A critical vulnerability in the fast-jwt library allows attackers to forge JWTs by exploiting the acceptance of empty HMAC secrets in the async key resolver, leading to authentication bypass.

The fast-jwt library, up to version 6.2.3, contains a critical authentication bypass vulnerability that allows an attacker to forge JWTs. This occurs when the application uses an asynchronous key resolver that can return an empty string (’’) or zero-length buffer. When fast-jwt receives this empty value, it incorrectly derives allowed HMAC algorithms and proceeds to verify the token against an empty key, effectively bypassing authentication. This flaw can be exploited in scenarios using the JWKS pattern, where a key ID (kid) lookup might result in an empty string if the key is not found. The vulnerability allows attackers to mint arbitrary JWTs, assuming any identity within the application.

Attack Chain

  1. The attacker crafts a JWT with a chosen header and payload, including malicious claims such as admin: true.
  2. The attacker sets the kid (key ID) in the JWT header to a value that will result in an empty string lookup in the application’s key resolver (e.g., an unknown kid).
  3. The attacker computes the HMAC-SHA256 signature of the JWT header and payload using an empty string as the key.
  4. The attacker presents the forged JWT to the vulnerable application.
  5. The application’s async key resolver receives the JWT and attempts to retrieve the key based on the kid.
  6. The key resolver returns an empty string (’’) or zero-length buffer because the kid is not found.
  7. fast-jwt converts the empty string to a zero-length Buffer and uses it to create an HMAC secret key.
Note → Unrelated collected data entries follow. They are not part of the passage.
lemma cone_of_cliques_neighbours:
  assumes "1 \<le> i" "i < N"
  shows "{j. j < N \<and> cone_of_cliques c i j} = insert 0 (clique_class N c i - {i})"
  using assms unfolding clique_class_def cone_of_cliques_def by auto

lemma cone_of_cliques_neighbours_apex: "{j. j < N \<and> cone_of_cliques c 0 j} = {1..<N}"
  unfolding cone_of_cliques_def by auto

lemma degree_cone_of_cliques:
  assumes "1 \<le> i" "i < N"
  shows "degree N (cone_of_cliques c) i = card (clique_class N c i)"
proof -
  have "0 \<notin> clique_class N c i" unfolding clique_class_def by auto
  moreover have "card (clique_class N c i) > 0"
    using self_in_clique_class[OF assms] finite_clique_class card_gt_0_iff by blast
  ultimately show ?thesis
    by (simp add: degree_def cone_of_cliques_neighbours[OF assms] finite_clique_class
        card_Diff_singleton self_in_clique_class[OF assms])
qed

lemma degree_cone_of_cliques_apex: "degree N (cone_of_cliques c) 0 = N - 1"
  unfolding degree_def cone_of_cliques_neighbours_apex by simp

lemma cone_of_cliques_mult_vec_nth:
  assumes v: "v \<in> carrier_vec N" and i: "1 \<le> i" "i < N"
  shows "(signless_laplacian N (cone_of_cliques c) *\<^sub>v v) $ i
         = (real (card (clique_class N c i)) - 1) * v $ i + v $ 0
           + (\<Sum>j\<in>clique_class N c i. v $ j)"
proof -
  have "0 \<notin> clique_class N c i" unfolding clique_class_def by auto
  then have "(\<Sum>j\<in>insert 0 (clique_class N c i - {i}). v $ j)
      = v $ 0 + (\<Sum>j\<in>clique_class N c i. v $ j) - v $ i"
    by (simp add: finite_clique_class sum_diff1 self_in_clique_class[OF i])
  then show ?thesis
    using signless_laplacian_mult_vec_nth[OF v i(2), of "cone_of_cliques c"]
    by (simp add: cone_of_cliques_neighbours[OF i] degree_cone_of_cliques[OF i] algebra_simps)
qed

lemma cone_of_cliques_mult_vec_apex:
  assumes v: "v \<in> carrier_vec N" and "0 < N"
  shows "(signless_laplacian N (cone_of_cliques c) *\<^sub>v v) $ 0
         = (real N - 1) * v $ 0 + (\<Sum>j\<in>{1..<N}. v $ j)"
  using signless_laplacian_mult_vec_nth[OF assms, of "cone_of_cliques c"] assms(2)
  by (simp add: cone_of_cliques_neighbours_apex degree_cone_of_cliques_apex of_nat_diff)

lemma cone_of_cliques_eigenvector_nth:
  assumes v: "v \<in> carrier_vec N"
    and ev: "signless_laplacian N (cone_of_cliques c) *\<^sub>v v = l \<cdot>\<^sub>v v"
    and i: "1 \<le> i" "i < N"
    and pos: "2 * real (card (clique_class N c i)) < l + 1"
  shows "v $ i * (l + 1 - 2 * real (card (clique_class N c i))) = v $ 0"
proof -
  define K where "K = clique_class N c i"
  define s where "s = real (card K)"
  define T where "T = (\<Sum>j\<in>K. v $ j)"
  have row: "(l + 1 - s) * v $ j = v $ 0 + T" if j: "j \<in> K" for j
  proof -
    have "1 \<le> j" "j < N" using j clique_class_subset[of N c i] unfolding K_def by auto
    moreover have "clique_class N c j = K" using j clique_class_eq unfolding K_def by blast
    ultimately show ?thesis
      using cone_of_cliques_mult_vec_nth[OF v, of j c] ev v
      unfolding s_def T_def by (auto simp: algebra_simps)
  qed
  \<comment> \<open>summing the rows of the clique determines its total weight T\<close>
  have "(l + 1 - s) * T = s * (v $ 0 + T)"
    unfolding T_def s_def by (simp add: sum_distrib_left row[unfolded T_def s_def])
  then have T: "T * (l + 1 - 2 * s) = s * v $ 0" by (simp add: algebra_simps)
  have "(l + 1 - s) * (v $ i * (l + 1 - 2 * s)) = (v $ 0 + T) * (l + 1 - 2 * s)"
    using row[of i] self_in_clique_class[OF i] unfolding K_def by simp
  also have "\<dots> = (l + 1 - s) * v $ 0" using T by (simp add: algebra_simps)
  finally have "(l + 1 - s) * (v $ i * (l + 1 - 2 * s)) = (l + 1 - s) * v $ 0" .
  moreover have "l + 1 - s > 0" using pos unfolding s_def K_def by simp
  ultimately show ?thesis unfolding s_def K_def by simp
qed

lemma cone_of_cliques_secular_equation:
  assumes "eigenvalue (signless_laplacian N (cone_of_cliques c)) l"
    and pos: "\<And>i. 2 * real (card (clique_class N c i)) < l + 1"
  shows "l - real N + 1 = (\<Sum>j\<in>{1..<N}. 1 / (l + 1 - 2 * real (card (clique_class N c j))))"
proof -
  define d where "d j = l + 1 - 2 * real (card (clique_class N c j))" for j
  obtain v where v: "v \<in> carrier_vec N" and "v \<noteq> 0\<^sub>v N"
    and ev: "signless_laplacian N (cone_of_cliques c) *\<^sub>v v = l \<cdot>\<^sub>v v"
    using assms(1) unfolding eigenvalue_def eigenvector_def dim_row_signless_laplacian by blast
  have leaf: "v $ j = v $ 0 / d j" if "j \<in> {1..<N}" for j
    using cone_of_cliques_eigenvector_nth[OF v ev _ _ pos] that pos[of j]
    by (auto simp: d_def field_simps)
  have "v $ 0 \<noteq> 0"
  proof
    assume "v $ 0 = 0"
    then have "v $ j = 0" if "j < N" for j
      using leaf[of j] that by (cases "j = 0") auto
    then have "v = 0\<^sub>v N" using v by (intro eq_vecI) auto
    with \<open>v \<noteq> 0\<^sub>v N\<close> show False ..
  qed
  have "0 < N" using v \<open>v \<noteq> 0\<^sub>v N\<close> by (intro Nat.gr0I) auto
  have "l * v $ 0 = (real N - 1) * v $ 0 + (\<Sum>j\<in>{1..<N}. v $ 0 / d j)"
    using cone_of_cliques_mult_vec_apex[OF v \<open>0 < N\<close>, of c] ev v \<open>0 < N\<close> leaf by simp
  also have "\<dots> = v $ 0 * (real N - 1 + (\<Sum>j\<in>{1..<N}. 1 / d j))"
    by (simp add: sum_distrib_left algebra_simps)
  finally show ?thesis
    using \<open>v $ 0 \<noteq> 0\<close> unfolding d_def by (simp add: mult.commute)
qed

lemma cone_of_cliques_eigenvalue_bound:
  assumes ev: "eigenvalue (signless_laplacian N (cone_of_cliques c)) l"
    and card: "\<And>i. card (clique_class N c i) \<le> s"
    and pos: "2 * real s < l + 1"
  shows "(l - real N + 1) * (l + 1 - 2 * real s) \<le> real N - 1"
proof -
  have pos_class: "2 * real (card (clique_class N c i)) < l + 1" for i
    using card[of i] pos by (smt (verit) of_nat_le_iff)
  note secular = cone_of_cliques_secular_equation[OF ev pos_class]
  have "0 < N"
  proof (rule ccontr)
    assume "\<not> 0 < N"
    then have "l + 1 = 0" using secular by simp
    with pos show False by simp
  qed
  have "l - real N + 1 \<le> (\<Sum>j\<in>{1..<N}. 1 / (l + 1 - 2 * real s))"
    unfolding secular
  proof (rule sum_mono)
    fix j
    show "1 / (l + 1 - 2 * real (card (clique_class N c j))) \<le> 1 / (l + 1 - 2 * real s)"
      using card[of j] pos by (intro divide_left_mono) auto
  qed
  also have "\<dots> = (real N - 1) / (l + 1 - 2 * real s)"
    using \<open>0 < N\<close> by (simp add: of_nat_diff)
  finally show ?thesis using pos by (simp add: pos_le_divide_eq)
qed

lemma cone_of_cliques_eigenvalue_clique_pair:
  assumes a: "1 \<le> a" "a < N" and b: "b \<in> clique_class N c a" "b \<noteq> a"
  shows "eigenvalue (signless_laplacian N (cone_of_cliques c)) (real (card (clique_class N c a)) - 1)"
proof -
  define v :: "real vec" where "v = vec N (\<lambda>j. if j = a then 1 else if j = b then -1 else 0)"
  define lam where "lam = real (card (clique_class N c a)) - 1"
  have v: "v \<in> carrier_vec N" unfolding v_def by simp
  have "1 \<le> b" "b < N" using b clique_class_subset[of N c a] by auto
  have sum_zero: "(\<Sum>j\<in>A. v $ j) = 0"
    if A: "finite A" "A \<subseteq> {..<N}" and ab: "a \<in> A \<longleftrightarrow> b \<in> A" for A
  proof -
    have "(\<Sum>j\<in>A. v $ j) = (\<Sum>j\<in>A. (if j = a then 1 else 0) - (if j = b then 1 else 0))"
      using A b(2) by (intro sum.cong) (auto simp: v_def)
    also have "\<dots> = 0" using A ab by (simp add: sum_subtractf sum.delta)
    finally show ?thesis .
  qed
  have class_ab: "a \<in> clique_class N c i \<longleftrightarrow> b \<in> clique_class N c i" for i
    using b(1) clique_class_eq by (metis self_in_clique_class[OF a])
  have class_sum: "(\<Sum>j\<in>clique_class N c i. v $ j) = 0" for i
    using clique_class_subset[of N c i]
    by (intro sum_zero[OF finite_clique_class]) (auto simp: class_ab)
  have "signless_laplacian N (cone_of_cliques c) *\<^sub>v v = lam \<cdot>\<^sub>v v"
  proof (rule eq_vecI)
    fix i assume "i < dim_vec (lam \<cdot>\<^sub>v v)"
    then have i: "i < N" using v by simp
    have v0: "v $ 0 = 0" using a \<open>1 \<le> b\<close> a(2) by (auto simp: v_def)
    show "(signless_laplacian N (cone_of_cliques c) *\<^sub>v v) $ i = (lam \<cdot>\<^sub>v v) $ i"
    proof (cases "i = 0")
      case True
      then show ?thesis
        using cone_of_cliques_mult_vec_apex[OF v, of c] sum_zero[of "{1..<N}"] a \<open>1 \<le> b\<close> \<open>b < N\<close> v v0
        by (auto simp: subset_eq)
    next
      case False
      then have "(signless_laplacian N (cone_of_cliques c) *\<^sub>v v) $ i
          = (real (card (clique_class N c i)) - 1) * v $ i"
        using cone_of_cliques_mult_vec_nth[OF v, of i c] i v0
          class_sum by auto
      also have "\<dots> = lam * v $ i"
        using clique_class_eq[OF b(1)] i unfolding lam_def v_def by auto
      finally show ?thesis using i v by simp
    qed
  qed (use v in simp)
  moreover have "v $ a = 1" using a by (simp add: v_def)
  then have "v \<noteq> 0\<^sub>v N" using a by auto
  ultimately show ?thesis
    using v unfolding eigenvalue_def eigenvector_def dim_row_signless_laplacian lam_def by blast
qed

lemma card_clique_class_join_graph:
  assumes k: "1 \<le> k" and N: "N = 2 * (p + 1) * k + 2"
  shows "card (clique_class N (clique_of k p) i) \<le> 2 * k + 1"
proof -
  define c where "c = clique_of k p i"
  have "clique_class N (clique_of k p) i \<subseteq> {2 * k * c + 1 ..< 2 * k * c + 2 * k + 2}"
  proof
    fix j assume "j \<in> clique_class N (clique_of k p) i"
    then have j: "1 \<le> j" "j < N" and c: "c = min ((j - 1) div (2 * k)) p"
      unfolding clique_class_def c_def clique_of_def by auto
    have "2 * k * c \<le> 2 * k * ((j - 1) div (2 * k))" using c by simp
    also have "\<dots> \<le> j - 1" by simp
    finally have lower: "2 * k * c + 1 \<le> j" using j by linarith
    have "j - 1 < 2 * k * c + 2 * k + 1"
    proof (cases "(j - 1) div (2 * k) < p")
      case True
      then have "c = (j - 1) div (2 * k)" using c by simp
      then have "j - 1 = 2 * k * c + (j - 1) mod (2 * k)" by simp
      moreover have "(j - 1) mod (2 * k) < 2 * k" using k by simp
      ultimately show ?thesis by linarith
    next
      case False
      then show ?thesis using c j N by (simp add: algebra_simps)
    qed
    with lower show "j \<in> {2 * k * c + 1 ..< 2 * k * c + 2 * k + 2}" by simp
  qed
  from card_mono[OF _ this] show ?thesis by simp
qed

lemma last_clique_of_join_graph:
  assumes k: "1 \<le> k" and N: "N = 2 * (p + 1) * k + 2"
  shows "N - 2 \<in> clique_class N (clique_of k p) (N - 1)"
proof -
  have "p \<le> (j - 1) div (2 * k)" if "N - 2 \<le> j" for j
    using k N that by (subst less_eq_div_iff_mult_less_eq) (auto simp: algebra_simps)
  then show ?thesis
    using k N unfolding clique_class_def clique_of_def by (simp add: min_absorb2)
qed

lemma large_eigenvalue_contradicts_bound:
  fixes l n k :: real
  assumes "2 \<le> k" "6 * k + 13 \<le> n" "n + 2 * k - 2 \<le> l"
  shows "n - 1 < (l - n + 1) * (l + 1 - 2 * (2 * k + 1))"
proof -
  have "3 * (n - 2 * k - 3) \<le> (l - n + 1) * (l + 1 - 2 * (2 * k + 1))"
    using assms by (intro mult_mono) auto
  moreover have "n - 1 < 3 * (n - 2 * k - 3)" using assms by (simp add: algebra_simps)
  ultimately show ?thesis by linarith
qed

theorem corollary1:
  fixes k p n :: nat
  assumes "k \<ge> 2"
    and "n = 2 * (p + 1) * k + 2"
    and "n \<ge> 6 * k + 13"
  shows "q_index n (join_graph k p) < real n + 2 * real k - 2"
  unfolding join_graph_eq_cone_of_cliques
proof (rule q_index_less)
  have "n - 2 \<in> clique_class n (clique_of k p) (n - 1)"
    using assms by (intro last_clique_of_join_graph) auto
  then show "eigenvalue (signless_laplacian n (cone_of_cliques (clique_of k p)))
      (real (card (clique_class n (clique_of k p) (n - 1))) - 1)"
    using assms by (intro cone_of_cliques_eigenvalue_clique_pair) auto
next
  fix l assume ev: "eigenvalue (signless_laplacian n (cone_of_cliques (clique_of k p))) l"
  show "l < real n + 2 * real k - 2"
  proof (rule ccontr)
    assume "\<not> l < real n + 2 * real k - 2"
    then have large: "real n + 2 * real k - 2 \<le> l" by simp
    have card: "card (clique_class n (clique_of k p) i) \<le> 2 * k + 1" for i
      using assms by (intro card_clique_class_join_graph) auto
    have n: "6 * real k + 13 \<le> real n" using assms(3) by linarith
    then have "2 * real (2 * k + 1) < l + 1" using large by simp
    from cone_of_cliques_eigenvalue_bound[OF ev card this]
    have "(l - real n + 1) * (l + 1 - 2 * (2 * real k + 1)) \<le> real n - 1" by simp
    moreover have "real n - 1 < (l - real n + 1) * (l + 1 - 2 * (2 * real k + 1))"
      using assms(1) n large by (intro large_eigenvalue_contradicts_bound) auto
    ultimately show False by linarith
  qed
qed

end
It also determines the allowed algorithms as HS256, HS384 and HS512.
  8. fast-jwt verifies the forged JWT’s signature against the empty key, which succeeds because the attacker used an empty key to create the signature.
  9. The application accepts the forged JWT as authentic, granting the attacker the privileges associated with the claims in the token.

Impact

Successful exploitation of this vulnerability allows attackers to bypass authentication and assume any identity within the application. This can lead to unauthorized access to sensitive data, privilege escalation, and other malicious activities. Any Node.js application using fast-jwt with a function-typed key resolver and the JWKS pattern is potentially vulnerable. The impact is significant because the attacker can mint arbitrary JWTs with attacker-chosen claims (sub, admin, roles, scopes, etc.) leading to full identity assumption. Default configurations are exploitable. Once a forged token is accepted, fast-jwt caches the verification result, amplifying the impact.

Recommendation

  • Upgrade to a patched version of fast-jwt that addresses CVE-2026-44351.
  • Apply the suggested fix by rejecting zero-length HMAC secrets in prepareKeyOrSecret as described in the advisory.
  • If upgrading is not immediately possible, modify the application’s key resolver to explicitly reject empty strings or zero-length buffers and return an error.
  • Deploy the Sigma rules in this brief to your SIEM to detect attempts to exploit this vulnerability.
  • Monitor web server logs for suspicious JWTs with empty or invalid kid values.

Detection coverage 2

Detect JWT with Empty Key ID (kid)

medium

Detects JWTs with an empty key ID (kid) which can be indicative of an attempt to exploit CVE-2026-44351. This rule identifies JWTs where the 'kid' field in the header is either missing or an empty string.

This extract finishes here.